Evaluating the performance of the final read requires a much closer review of the details of the assessments than just the disagreement rate. Prior regulatory opinions are cited as indicating that a disagreement rate above 40% indicates unreliable data, but a great deal of glioblastoma trial experience shows that such rates are common, while a thorough review of the data shows no evidence of poor data quality, given the difficulty of the disease assessment. While the absolute disagreement rate should be reported, the rate of disagreement within one visit should always accompany those statistics. A thorough and extensive analysis of the disagreement on the date of progression strongly points to evaluating for evidence of single reader bias as a much more appropriate analysis of reader performance than adhering to a strict disagreement rate threshold.
Another important source of data for determining the source and import of various imaging features is the adjudicator comments. Adjudicators must be trained to provide comments that are as clear and specific as possible regarding the disagreement between the readers and their reason for choosing their preferred interpretation. Searchable terms are recommended to facilitate the use of software to compile the comments, though there is no substitute for a thorough review of the comments to get a comprehensive understanding of reader performance.
Key Recommendations and Observations
Prespecify the evaluations to be carried out, design the scanning protocol to support these analyses, and distribute the image acquisition requirements to sites in an imaging manual to all of the sites to ensure uniform image quality.
Conduct ongoing near real-time review of collected images to provide timely feedback to sites about quality.
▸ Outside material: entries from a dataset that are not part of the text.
(* Let $\mathcal{T}$ be a teacher class over $\mathcal{X},\mathcal{Y},\Phi$ and let $H\subseteq\mathcal{X}\times\mathcal{Y}$ be a non-empty history that is consistent with $\mathcal{T}$. Then \[\min_{\mathcal{A}} M(\mathcal{A},\mathcal{T},H)=\mathrm{DFFdim}(\mathcal{T},H),\] where the minimum is over all deterministic DFF algorithms $\mathcal{A}$.
   Context: Setting. $\mathcal{X}$ is a set of examples, $\mathcal{Y}$ a finite set of labels, and $\Phi$ a set of Boolean features $\phi:\mathcal{X}\to\{0,1\}$; $\bot$ denotes a null symbol not in $\mathcal{X}\cup\mathcal{Y}\cup\Phi$. A teacher over $\mathcal{X},\mathcal{Y},\Phi$ is a pair $T=(\ell,\psi)$ with $\ell:\mathcal{X}\to\mathcal{Y}$ and $\psi:\mathcal{X}\times\mathcal{X}\to\Phi\cup\{\bot\}$ such that whenever $\ell(x)\neq\ell(\hat x)$, $\phi:=\psi(x,\hat x)\in\Phi$, $\phi(x)=1$ and $\phi(\hat x)=0$. A teacher class is a set of teachers. A history is a non-empty set $H\subseteq\mathcal{X}\times\mathcal{Y}$; a teacher $(\ell,\psi)$ is consistent with $H$ if $\ell(x)=y$ for all $(x,y)\in H$; $\mathcal{T}_H$ is the set of teachers in $\mathcal{T}$ consistent with $H$, and $\mathcal{T}$ is consistent with $H$ if $\mathcal{T}_H\neq\emptyset$. DFF protocol. A DFF algorithm is given $H$ in advance. In each round $t=1,2,\dots$: an example $x_t\in\mathcal{X}$ arrives; the algorithm outputs a predicted label $\hat y_t$ and an explanation $\hat x_t$, where $(\hat x_t,\hat y_t)$ must belong to $H\cup\{(x_s,y_s):s<t\}$; if $\hat y_t=y_t$ (the true label of $x_t$) the algorithm learns only that it was correct; otherwise (a mistake) it receives $y_t$ and a feature $\phi_t\in\Phi$. The feedback of round $t$ is consistent with a teacher $(\ell,\psi)$ if $y_t=\ell(x_t)$ and, when $\hat y_t\neq y_t$, $\phi_t=\psi(x_t,\hat x_t)$. $M(\mathcal{A},\mathcal{T},H)$ denotes the supremum, over all finite example sequences and all teachers $T\in\mathcal{T}_H$, of the number of mistakes of $\mathcal{A}$ when all feedback is consistent with $T$. DFF dimension. A DFF tree is a rooted tree whose nodes are triples $\langle y,\phi,x\rangle$ with $y\in\mathcal{Y}\cup\{\bot\}$, $\phi\in\Phi\cup\{\bot\}$, $x\in\mathcal{X}\cup\{\bot\}$, such that the root has $y=\phi=\bot$, a node has $x=\bot$ iff it is a leaf, every edge is labeled by a pair $(\hat x,\hat y)\in\mathcal{X}\times\mathcal{Y}$, and every non-root node $\langle y,\phi,x\rangle$ with incoming edge $(\hat x,\hat y)$ has $\phi\neq\bot$ whenever $y\neq\hat y$. For a parent–child pair $\langle\cdot,\cdot,x\rangle\xrightarrow{(\hat x,\hat y)}\langle y,\phi,\cdot\rangle$ on a path, $(x,y)$ is called a labeled example in that path. A path from the root is consistent with a teacher $(\ell,\psi)$ if for every such parent–child pair on it, $\ell(x)=y$ and, if $y\neq\hat y$, $\psi(x,\hat x)=\phi$. Given $\mathcal{T}$ consistent with $H$, a DFF tree is shattered by $\mathcal{T}$ and $H$ if: (1) every non-root node $\langle y,\phi,x\rangle$ with incoming edge $(\hat x,\hat y)$ has $y\neq\hat y$; (2) the labels of the outgoing edges of each non-leaf node $v$ are exactly the pairs that belong to $H$ or are labeled examples in the path from the root to $v$; (3) every root-to-leaf path is consistent with some teacher in $\mathcal{T}_H$; (4) all root-to-leaf paths have the same number of edges, called the height. $\mathrm{DFFdim}(\mathcal{T},H)$ is the maximal height of a DFF tree shattered by $\mathcal{T}$ and $H$. *)

theory Defs
  imports Main "HOL-Library.Extended_Nat"
begin

text \<open>Examples are elements of type 'x, labels elements of the finite type 'y,
  features are Boolean functions on examples ('x => bool), the feature set is Phi.
  The null symbol is modelled by None.\<close>

type_synonym ('x, 'y) teacher = "('x \<Rightarrow> 'y) \<times> ('x \<Rightarrow> 'x \<Rightarrow> ('x \<Rightarrow> bool) option)"

definition is_teacher :: "('x \<Rightarrow> bool) set \<Rightarrow> ('x, 'y) teacher \<Rightarrow> bool" where
  "is_teacher Phi T \<longleftrightarrow>
     (\<forall>x xh. set_option (snd T x xh) \<subseteq> Phi) \<and>
     (\<forall>x xh. fst T x \<noteq> fst T xh \<longrightarrow>
        (\<exists>\<phi>\<in>Phi. snd T x xh = Some \<phi> \<and> \<phi> x \<and> \<not> \<phi> xh))"

definition teacher_class :: "('x \<Rightarrow> bool) set \<Rightarrow> ('x, 'y) teacher set \<Rightarrow> bool" where
  "teacher_class Phi TT \<longleftrightarrow> (\<forall>T\<in>TT. is_teacher Phi T)"

definition consistent_hist :: "('x \<times> 'y) set \<Rightarrow> ('x, 'y) teacher \<Rightarrow> bool" where
  "consistent_hist H T \<longleftrightarrow> (\<forall>(x, y)\<in>H. fst T x = y)"

definition teachers_H :: "('x, 'y) teacher set \<Rightarrow> ('x \<times> 'y) set \<Rightarrow> ('x, 'y) teacher set" where
  "teachers_H TT H = {T \<in> TT. consistent_hist H T}"

text \<open>One round of an interaction: the example x_t, the explanation, the predicted label,
  and the feedback: None = "correct", Some (y, phi) = mistake with true label y and feature phi.\<close>

datatype ('x, 'y) round =
  Round (r_ex: 'x) (r_expl: 'x) (r_pred: 'y) (r_fb: "('y \<times> ('x \<Rightarrow> bool)) option")

definition r_label :: "('x, 'y) round \<Rightarrow> 'y" where
  "r_label r = (case r_fb r of None \<Rightarrow> r_pred r | Some (y, _) \<Rightarrow> y)"

text \<open>A deterministic DFF algorithm (for the history H given in advance) maps the transcript
  of the previous rounds and the current example to an (explanation, predicted label) pair.\<close>
type_synonym ('x, 'y) dff_algorithm = "('x, 'y) round list \<Rightarrow> 'x \<Rightarrow> 'x \<times> 'y"

definition is_run :: "('x, 'y) dff_algorithm \<Rightarrow> ('x, 'y) round list \<Rightarrow> bool" where
  "is_run A rs \<longleftrightarrow>
     (\<forall>i < length rs. A (take i rs) (r_ex (rs ! i)) = (r_expl (rs ! i), r_pred (rs ! i)))"

definition allowed_pairs :: "('x \<times> 'y) set \<Rightarrow> ('x, 'y) round list \<Rightarrow> ('x \<times> 'y) set" where
  "allowed_pairs H rs = H \<union> {(r_ex r, r_label r) | r. r \<in> set rs}"

definition dff_alg :: "('x \<times> 'y) set \<Rightarrow> ('x, 'y) dff_algorithm \<Rightarrow> bool" where
  "dff_alg H A \<longleftrightarrow> (\<forall>rs x. is_run A rs \<longrightarrow> A rs x \<in> allowed_pairs H rs)"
Involve a local radiologist as a coinvestigator, if possible, and establish clear communication channels with the technologists.
Response assessment should include both radiologists and neuro-oncologists and should be done in a defined algorithmic manner to reduce interpretation variability. Both radiologists and neuro-oncologists should be experienced in the application of the RANO criteria.
The greatest single source of disagreement between readers is progression of disease based on T2/FLAIR images.
Using experienced, multiple readers for each case can increase assessment accuracy. However, using the rate of disagreement by itself is inadequate to evaluate reader performance given the difficulty of interpretation in this indication. Statistical methods more sensitive and specific to reader performance quality assessment should be used to evaluate reader performance more effectively.